Think I'm arguing its both things where the OS itself can optimize things for battery life along with instilling awareness and API support for it so developers can consider it too.

2 comments

On top of this, they started encouraging adoption of multithreading and polished up the APIs to make doing so easier even in the early days of OS X, since they were selling PPC G4/G5 towers with dual and eventually quad CPUs.

This meant that by the time they started pushing devs to pay attention to QoS and such, good Mac apps had already been thoroughly multithreaded for years, making it relatively easy to toss things onto lower priority queues.

> so developers can consider it too

Try writing Apple Watch software.

Everything is about battery life.

It's interesting how they still can't get into the same order of magnitude with Garmin then.
I suspect it’s because the processor is a lot heavier-duty.

Right now, it seems like overkill, but not sure what all the health and fitness stuff requires.

As an Apple Watch user for over 7 years, I find this focus on heavy app to be completely stupid.
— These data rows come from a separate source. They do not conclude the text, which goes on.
lemma DM_formula_Suc:
  assumes "m \<ge> 1"
    and DM: "DM_formula c x y x' y' m r s C D"
    and DM1: "DM_formula c x y x' y' 1 (r + int m) (s + int m) C1 D1"
    and N: "\<And>z. C * poly D1 z + C1 * poly D z =
      (z - y (r + int m - 1)) * (z - y' (s + int m - 1)) * C'"
    and M: "\<And>z. poly D z * poly D1 z + C * C1 / 4 * poly (disc_poly c) z =
      (z - y (r + int m - 1)) * (z - y' (s + int m - 1)) * poly D' z"
  shows "DM_formula c x y x' y' (Suc m) r s C' D'"
proof -
  have "Dop (Pmrs x x' (Suc m) r s) x1 x2 =
      C' * Ycoef c 2 z * (\<Prod>k<Suc m - 1. z - y (r + int k)) / (\<Prod>k\<le>Suc m. z - y' (s - 1 + int k)) \<and>
    Mop (Pmrs x x' (Suc m) r s) x1 x2 =
      poly D' z * (\<Prod>k<Suc m - 1. z - y (r + int k)) / (\<Prod>k\<le>Suc m. z - y' (s - 1 + int k))"
    if rp: "root_pair c z x1 x2" and hx: "\<forall>k<Suc m. x1 \<noteq> x' (s + int k) \<and> x2 \<noteq> x' (s + int k)"
      and hy: "\<forall>k\<le>Suc m. z \<noteq> y' (s - 1 + int k)" for z x1 x2
  proof -
    define a b w where "a = y (r + int m - 1)" and "b = y' (s + int m - 1)" and "w = y' (s + int m)"
    define nu de where "nu = (\<Prod>k<m - 1. z - y (r + int k))"
      and "de = (\<Prod>k\<le>m. z - y' (s - 1 + int k))"
    have "x1 \<noteq> x' (s + int m)" "x2 \<noteq> x' (s + int m)" "z \<noteq> b" "z \<noteq> w"
      using hx hy unfolding b_def w_def by (auto dest: spec[of _ m] spec[of _ "Suc m"] simp: algebra_simps)
    then have D1: "Dop (Pmrs x x' 1 (r + int m) (s + int m)) x1 x2 = C1 * Ycoef c 2 z / ((z - b) * (z - w))"
      and M1: "Mop (Pmrs x x' 1 (r + int m) (s + int m)) x1 x2 = poly D1 z / ((z - b) * (z - w))"
      using DM_formula_one_values[OF DM1 rp] unfolding b_def w_def by simp_all
    have Dm: "Dop (Pmrs x x' m r s) x1 x2 = C * Ycoef c 2 z * nu / de"
      and Mm: "Mop (Pmrs x x' m r s) x1 x2 = poly D z * nu / de"
      using DM rp hx hy unfolding DM_formula_def nu_def de_def by auto
    have nu_Suc: "(\<Prod>k<Suc m - 1. z - y (r + int k)) = nu * (z - a)"
      using \<open>m \<ge> 1\<close> unfolding nu_def a_def by (cases m) (simp_all add: algebra_simps)
    have de_Suc: "(\<Prod>k\<le>Suc m. z - y' (s - 1 + int k)) = de * (z - w)"
      unfolding de_def w_def by (simp add: algebra_simps)
    have nonzero: "de \<noteq> 0" "z - b \<noteq> 0" "z - w \<noteq> 0"
      using hy \<open>z \<noteq> b\<close> \<open>z \<noteq> w\<close> unfolding de_def by auto
    have "Dop (Pmrs x x' (Suc m) r s) x1 x2 =
        Ycoef c 2 z * nu * (C * poly D1 z + C1 * poly D z) / (de * ((z - b) * (z - w)))"
      unfolding Pmrs_Suc Dop_mult Dm Mm D1 M1 using nonzero by (simp add: field_simps add_divide_distrib)
    also have "\<dots> = C' * Ycoef c 2 z * (nu * (z - a)) / (de * (z - w))"
      unfolding N[of z, folded a_def b_def] using nonzero by (simp add: divide_simps)
    finally have "Dop (Pmrs x x' (Suc m) r s) x1 x2 = C' * Ycoef c 2 z * (nu * (z - a)) / (de * (z - w))" .
    moreover have "Mop (Pmrs x x' (Suc m) r s) x1 x2 =
        nu * (poly D z * poly D1 z + C * C1 / 4 * (Ycoef c 2 z * (x1 - x2))^2) / (de * ((z - b) * (z - w)))"
      unfolding Pmrs_Suc Mop_mult Dm Mm D1 M1 using nonzero
      by (simp add: divide_simps) (simp add: algebra_simps power2_eq_square)
    moreover have "\<dots> = poly D' z * (nu * (z - a)) / (de * (z - w))"
      unfolding M[of z, folded a_def b_def, unfolded poly_disc_poly_root_pair[OF rp]]
      using nonzero by (simp add: divide_simps)
    ultimately show ?thesis
      unfolding nu_Suc de_Suc by simp
  qed
  then show ?thesis
    unfolding DM_formula_def by blast
qed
The "smart" part of the watch is mostly useless, I've learned to use it the least possible. It is just rarely worth it to fiddle with such a restricted interface when you have the phone nearby the vast majority of the time.

The health stuff is really the killer app and they should have pivoted to low power high efficiency use case a long time ago. It doesn't make sense to charge the watch everyday for the little utility it provides.